First known to have been performed on stage in February 1916, Vince Courtney's 'Why Me Brother Stayed at Home' was possibly a response to one of Tom Skeyhill's poems written during his time at Gallipoli. Skeyhill dedicates 'Me Brother Wot Stayed at 'Ome' to the 'Coldfooted Cobbers' who managed to shirk their military duty while he and others like him spend their days suffering and dying in the trenches.
A Theatre Magazine review of Courtney's appearance at Harry Clay's (q.v.) Bridge Theatre in February 1916 records:
'Mr Courtney - in the first half, and again in the second - sang patriotic songs of his own composition, clearly and nicely. His first number had a fine swing in it; and in the second half he spiritedly defended "Me Brother Wot Stayed at Home" - the point being that family obligations, in many cases, prevented some of the sons from going to the front' (March 1916, p.45).
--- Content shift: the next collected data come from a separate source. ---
(* Let $h>0$, $\alpha>2$, $\beta\ge0$, $c>0$, let $V$ satisfy $\sup_t|v_k(t)|\le c_v e^{-\beta|k|}\langle k\rangle^{-\alpha}$ for all $k$, and let $\mathcal{N}$ be a unitary operator on $l^2(\mathbb{Z})$ satisfying, for all $j,k\in\mathbb{Z}$, $$\Big|\mathcal{N}_{jk}-\delta_{jk}e^{\frac{2\pi}{ih}k^2}-\delta_{-j,k}\frac{e^{\frac{2\pi}{ih}k^2}}{ih}\int_0^{2\pi}v_{-2k}(\tau)\,d\tau\Big|\le\frac{c\,e^{-\beta|j-k|}}{\langle j\rangle\langle k\rangle\langle j-k\rangle^{\alpha-1}}.$$ Then there is a constant $c_w$ depending only on $c,c_v,h,\alpha$ such that for every sufficiently large $N$ there exists a unitary $(2N+1)\times(2N+1)$ matrix $U=(u_{jk})_{-N\le j,k\le N}$ with $$|u_{jk}-\mathcal{N}_{jk}|\le\frac{c_w e^{-\beta|j-k|}}{\langle j\rangle\langle k\rangle(N+1)^2\langle j-k\rangle^{\alpha-1}},\qquad -N\le j,k\le N.$$
   Context: $V(x,t)=\sum_{k\in\mathbb{Z}}v_k(t)e^{ikx}$ is real-valued and $2\pi$-periodic in $t$ with $v_0\equiv0$; $h>0$; $\langle k\rangle=|k|+1$; $\delta$ is the Kronecker delta; $e^{\frac{t}{ih}k^2}=e^{-itk^2/h}$. *)

theory Defs
  imports "HOL-Analysis.Analysis"
begin

text \<open>Japanese bracket: langle k = |k| + 1.\<close>
definition jbr :: "int \<Rightarrow> real" where
  "jbr k = real_of_int \<bar>k\<bar> + 1"

definition potential :: "(int \<Rightarrow> real \<Rightarrow> complex) \<Rightarrow> real \<Rightarrow> real \<Rightarrow> complex" where
  "potential v x t = (\<Sum>\<^sub>\<infinity>k\<in>UNIV. v k t * exp (\<i> * of_int k * of_real x))"

definition is_l2 :: "(int \<Rightarrow> complex) \<Rightarrow> bool" where
  "is_l2 x \<longleftrightarrow> (\<lambda>k. (cmod (x k))\<^sup>2) summable_on UNIV"

definition l2_norm_sq :: "(int \<Rightarrow> complex) \<Rightarrow> real" where
  "l2_norm_sq x = (\<Sum>\<^sub>\<infinity>k\<in>UNIV. (cmod (x k))\<^sup>2)"

definition mat_apply :: "(int \<Rightarrow> int \<Rightarrow> complex) \<Rightarrow> (int \<Rightarrow> complex) \<Rightarrow> int \<Rightarrow> complex" where
  "mat_apply M x j = (\<Sum>\<^sub>\<infinity>k\<in>UNIV. M j k * x k)"

definition unitary_l2 :: "(int \<Rightarrow> int \<Rightarrow> complex) \<Rightarrow> bool" where
  "unitary_l2 M \<longleftrightarrow>
     (\<forall>x. is_l2 x \<longrightarrow>
        (\<forall>j. (\<lambda>k. M j k * x k) summable_on UNIV) \<and>
        is_l2 (mat_apply M x) \<and>
        l2_norm_sq (mat_apply M x) = l2_norm_sq x) \<and>
     (\<forall>y. is_l2 y \<longrightarrow> (\<exists>x. is_l2 x \<and> mat_apply M x = y))"

definition unitary_fin :: "nat \<Rightarrow> (int \<Rightarrow> int \<Rightarrow> complex) \<Rightarrow> bool" where
  "unitary_fin N U \<longleftrightarrow>
     (\<forall>j\<in>{-int N..int N}. \<forall>l\<in>{-int N..int N}.
        (\<Sum>k\<in>{-int N..int N}. U j k * cnj (U l k)) = (if j = l then 1 else 0) \<and>
        (\<Sum>k\<in>{-int N..int N}. cnj (U k j) * U k l) = (if j = l then 1 else 0))"

end

theory Submission
  imports Defs "HOL-Computational_Algebra.Formal_Power_Series" "Jordan_Normal_Form.Determinant"
begin

text \<open>Let \<open>A\<close> be the restriction of \<open>\<N>\<close> to \<open>I = {-N..N}\<close>. The columns of \<open>\<N>\<close> are orthonormal,
  so \<open>A\<^sup>* A = 1 - E\<close> with \<open>E j k = \<Sum>l\<notin>I. cnj (\<N> l j) * \<N> l k\<close>. For \<open>l \<notin> I\<close> and \<open>j \<in> I\<close> neither the
  diagonal nor the antidiagonal part of \<open>\<N> l j\<close> is present, so only the error term survives, and its
  decay in \<open>l\<close> gives \<open>|E j k| \<le> \<epsilon> w j k\<close> with \<open>\<epsilon> = O((N+1)\<^sup>-\<^sup>2)\<close> and
  \<open>w j k = e\<^sup>-\<^sup>\<beta>\<^sup>|\<^sup>j\<^sup>-\<^sup>k\<^sup>| / (\<langle>j\<rangle> \<langle>k\<rangle> \<langle>j-k\<rangle>\<^sup>\<alpha>\<^sup>-\<^sup>1)\<close>. Since \<open>\<Sum>l. w j l * w l k \<le> K w j k\<close>, the binomial series
  \<open>S = (1 - E)\<^sup>-\<^sup>1\<^sup>/\<^sup>2\<close> converges once \<open>K \<epsilon> \<le> 1/2\<close>, with \<open>|S - 1| \<le> 2 \<epsilon> w\<close>. Then \<open>U = A S\<close> is unitary,
  and \<open>U - A = A (S - 1)\<close> is bounded by the row sums of \<open>|A|\<close> against \<open>w\<close>, which are \<open>O(w)\<close>.\<close>

section \<open>Matrices indexed by a finite set\<close>

definition mmul :: "'a set \<Rightarrow> ('a \<Rightarrow> 'a \<Rightarrow> complex) \<Rightarrow> ('a \<Rightarrow> 'a \<Rightarrow> complex) \<Rightarrow> 'a \<Rightarrow> 'a \<Rightarrow> complex"
  where "mmul I F G = (\<lambda>j k. \<Sum>l\<in>I. F j l * G l k)"

definition kdelta :: "'a \<Rightarrow> 'a \<Rightarrow> complex"
  where "kdelta j k = (if j = k then 1 else 0)"

fun mpow :: "'a set \<Rightarrow> ('a \<Rightarrow> 'a \<Rightarrow> complex) \<Rightarrow> nat \<Rightarrow> 'a \<Rightarrow> 'a \<Rightarrow> complex" where
  "mpow I E 0 = kdelta"
| "mpow I E (Suc n) = mmul I (mpow I E n) E"

lemma mmul_assoc: "finite I \<Longrightarrow> mmul I (mmul I F G) H = mmul I F (mmul I G H)"
  unfolding mmul_def
  by (auto simp: sum_distrib_left sum_distrib_right mult.assoc intro!: ext sum.swap)

lemma mmul_kdelta_left:
  assumes "finite I" "j \<in> I" shows "mmul I kdelta F j k = F j k"
proof -
  have "mmul I kdelta F j k = (\<Sum>l\<in>I. if j = l then F l k else 0)"
    unfolding mmul_def kdelta_def by (rule sum.cong) auto
  then show ?thesis using assms by (simp add: sum.delta)
qed

lemma mmul_kdelta_right:
  assumes "finite I" "k \<in> I" shows "mmul I F kdelta j k = F j k"
proof -
  have "mmul I F kdelta j k = (\<Sum>l\<in>I. if l = k then F j l else 0)"
    unfolding mmul_def kdelta_def by (rule sum.cong) auto
  then show ?thesis using assms by (simp add: sum.delta')
qed

lemma mmul_cong:
  "(\<And>l. l \<in> I \<Longrightarrow> F j l = F' j l) \<Longrightarrow> (\<And>l. l \<in> I \<Longrightarrow> G l k = G' l k)
    \<Longrightarrow> mmul I F G j k = mmul I F' G' j k"
  unfolding mmul_def by (auto intro!: sum.cong)

lemma mmul_diff_right: "mmul I F (\<lambda>j k. G j k - H j k) j k = mmul I F G j k - mmul I F H j k"
  unfolding mmul_def by (simp add: right_diff_distrib sum_subtractf)

lemma mmul_diff_left: "mmul I (\<lambda>j k. G j k - H j k) F j k = mmul I G F j k - mmul I H F j k"
  unfolding mmul_def by (simp add: left_diff_distrib sum_subtractf)

lemma mmul_suminf_left:
  assumes "\<And>l. l \<in> I \<Longrightarrow> summable (\<lambda>n. F n l k)"
  shows "mmul I G (\<lambda>j k. \<Sum>n. F n j k) j k = (\<Sum>n. mmul I G (F n) j k)"
proof -
  have "mmul I G (\<lambda>j k. \<Sum>n. F n j k) j k = (\<Sum>l\<in>I. \<Sum>n. G j l * F n l k)"
    unfolding mmul_def by (rule sum.cong[OF refl], rule suminf_mult[symmetric], rule assms)
  also have "\<dots> = (\<Sum>n. mmul I G (F n) j k)"
    unfolding mmul_def by (rule suminf_sum[symmetric]) (intro summable_mult assms)
  finally show ?thesis .
qed

lemma mmul_suminf_right:
  assumes "\<And>l. l \<in> I \<Longrightarrow> summable (\<lambda>n. F n j l)"
  shows "mmul I (\<lambda>j k. \<Sum>n. F n j k) G j k = (\<Sum>n. mmul I (F n) G j k)"
proof -
  have "mmul I (\<lambda>j k. \<Sum>n. F n j k) G j k = (\<Sum>l\<in>I. \<Sum>n. F n j l * G l k)"
    unfolding mmul_def by (rule sum.cong[OF refl], rule suminf_mult2, rule assms)
  also have "\<dots> = (\<Sum>n. mmul I (F n) G j k)"
    unfolding mmul_def by (rule suminf_sum[symmetric]) (intro summable_mult2 assms)
  finally show ?thesis .
qed

lemma mpow_add:
  assumes "finite I" "j \<in> I" "k \<in> I"
  shows "mpow I E (m + n) j k = mmul I (mpow I E m) (mpow I E n) j k"
  using assms(3)
proof (induction n arbitrary: k)
  case 0
  then show ?case using assms by (simp add: mmul_kdelta_right)
next
  case (Suc n)
  have "mpow I E (m + Suc n) j k = mmul I (mmul I (mpow I E m) (mpow I E n)) E j k"
    by (simp, rule mmul_cong) (auto intro: Suc.IH)
  also have "\<dots> = mmul I (mpow I E m) (mpow I E (Suc n)) j k"
    using mmul_assoc[OF assms(1)] by simp
  finally show ?case .
qed

lemma mpow_Suc_left:
  assumes "finite I" "j \<in> I" "k \<in> I"
  shows "mpow I E (Suc n) j k = mmul I E (mpow I E n) j k"
proof -
  have "mpow I E (1 + n) j k = mmul I (mpow I E 1) (mpow I E n) j k"
    by (rule mpow_add[OF assms])
  also have "\<dots> = mmul I E (mpow I E n) j k"
    by (rule mmul_cong) (use assms in \<open>auto simp: mmul_kdelta_left\<close>)
  finally show ?thesis by simp
qed

lemma mpow_cnj:
  assumes "finite I" and herm: "\<And>j k. j \<in> I \<Longrightarrow> k \<in> I \<Longrightarrow> cnj (E j k) = E k j"
  shows "j \<in> I \<Longrightarrow> k \<in> I \<Longrightarrow> cnj (mpow I E n j k) = mpow I E n k j"
proof (induction n arbitrary: j k)
  case 0
  then show ?case by (auto simp: kdelta_def)
next
  case (Suc n)
  have "cnj (mpow I E (Suc n) j k) = (\<Sum>l\<in>I. E k l * mpow I E n l j)"
    using Suc by (auto simp: mmul_def herm mult.commute intro!: sum.cong)
  also have "\<dots> = mpow I E (Suc n) k j"
    using mpow_Suc_left[OF assms(1) Suc.prems(2,1)] by (simp add: mmul_def)
  finally show ?case .
qed

lemma mmul_right_inverse:
  assumes "finite I" and left: "\<And>j k. j \<in> I \<Longrightarrow> k \<in> I \<Longrightarrow> mmul I B A j k = kdelta j k"
    and "j \<in> I" "k \<in> I"
  shows "mmul I A B j k = kdelta j k"
proof -
  define n where "n = card I"
  obtain f where f: "bij_betw f {0..<n} I"
    using ex_bij_betw_nat_finite[OF assms(1)] unfolding n_def by blast
  have f_in: "a < n \<Longrightarrow> f a \<in> I" for a using f by (auto dest: bij_betwE)
  have f_eq: "a < n \<Longrightarrow> b < n \<Longrightarrow> f a = f b \<longleftrightarrow> a = b" for a b
    using f by (auto simp: bij_betw_def inj_on_def)
  have entry: "(mat n n (\<lambda>(a, b). F (f a) (f b)) * mat n n (\<lambda>(a, b). G (f a) (f b))) $$ (a, b)
      = mmul I F G (f a) (f b)" if "a < n" "b < n" for F G a b
    using that sum.reindex_bij_betw[OF f, of "\<lambda>l. F (f a) l * G l (f b)"]
    by (simp add: scalar_prod_def mmul_def atLeast0LessThan)
  define Am where "Am = mat n n (\<lambda>(a, b). A (f a) (f b))"
  define Bm where "Bm = mat n n (\<lambda>(a, b). B (f a) (f b))"
  have "Bm * Am = 1\<^sub>m n"
  proof (rule eq_matI)
    fix a b assume "a < dim_row (1\<^sub>m n)" "b < dim_col (1\<^sub>m n)"
    then have "a < n" "b < n" by auto
    then show "(Bm * Am) $$ (a, b) = 1\<^sub>m n $$ (a, b)"
      unfolding Am_def Bm_def entry[OF \<open>a < n\<close> \<open>b < n\<close>] by (simp add: left f_in f_eq kdelta_def)
  qed (auto simp: Am_def Bm_def)
  then have AB: "Am * Bm = 1\<^sub>m n"
    by (rule mat_mult_left_right_inverse[rotated 2]) (auto simp: Am_def Bm_def)
  obtain a b where ab: "a < n" "b < n" "j = f a" "k = f b"
    using f assms(3,4) by (auto simp: bij_betw_def)
  show ?thesis
    using arg_cong[OF AB, of "\<lambda>M. M $$ (a, b)"] ab f_eq[OF ab(1,2)]
    unfolding Am_def Bm_def entry[OF ab(1,2)] by (simp add: kdelta_def)
qed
Australian Variety published the lyrics only.
Although 'Me Brother Wot Stayed at 'Ome' appears in Skeyhill's 1916 collection of poetry, Soldier Songs from ANZAC, it was first published individually in 1915. Skeyhill's 'Acknowledgments' section records that that the poem had previously been published 'in the leading Australasian, British and Egyptian newspapers', and had been one of several poems published in the Egyptian Mail.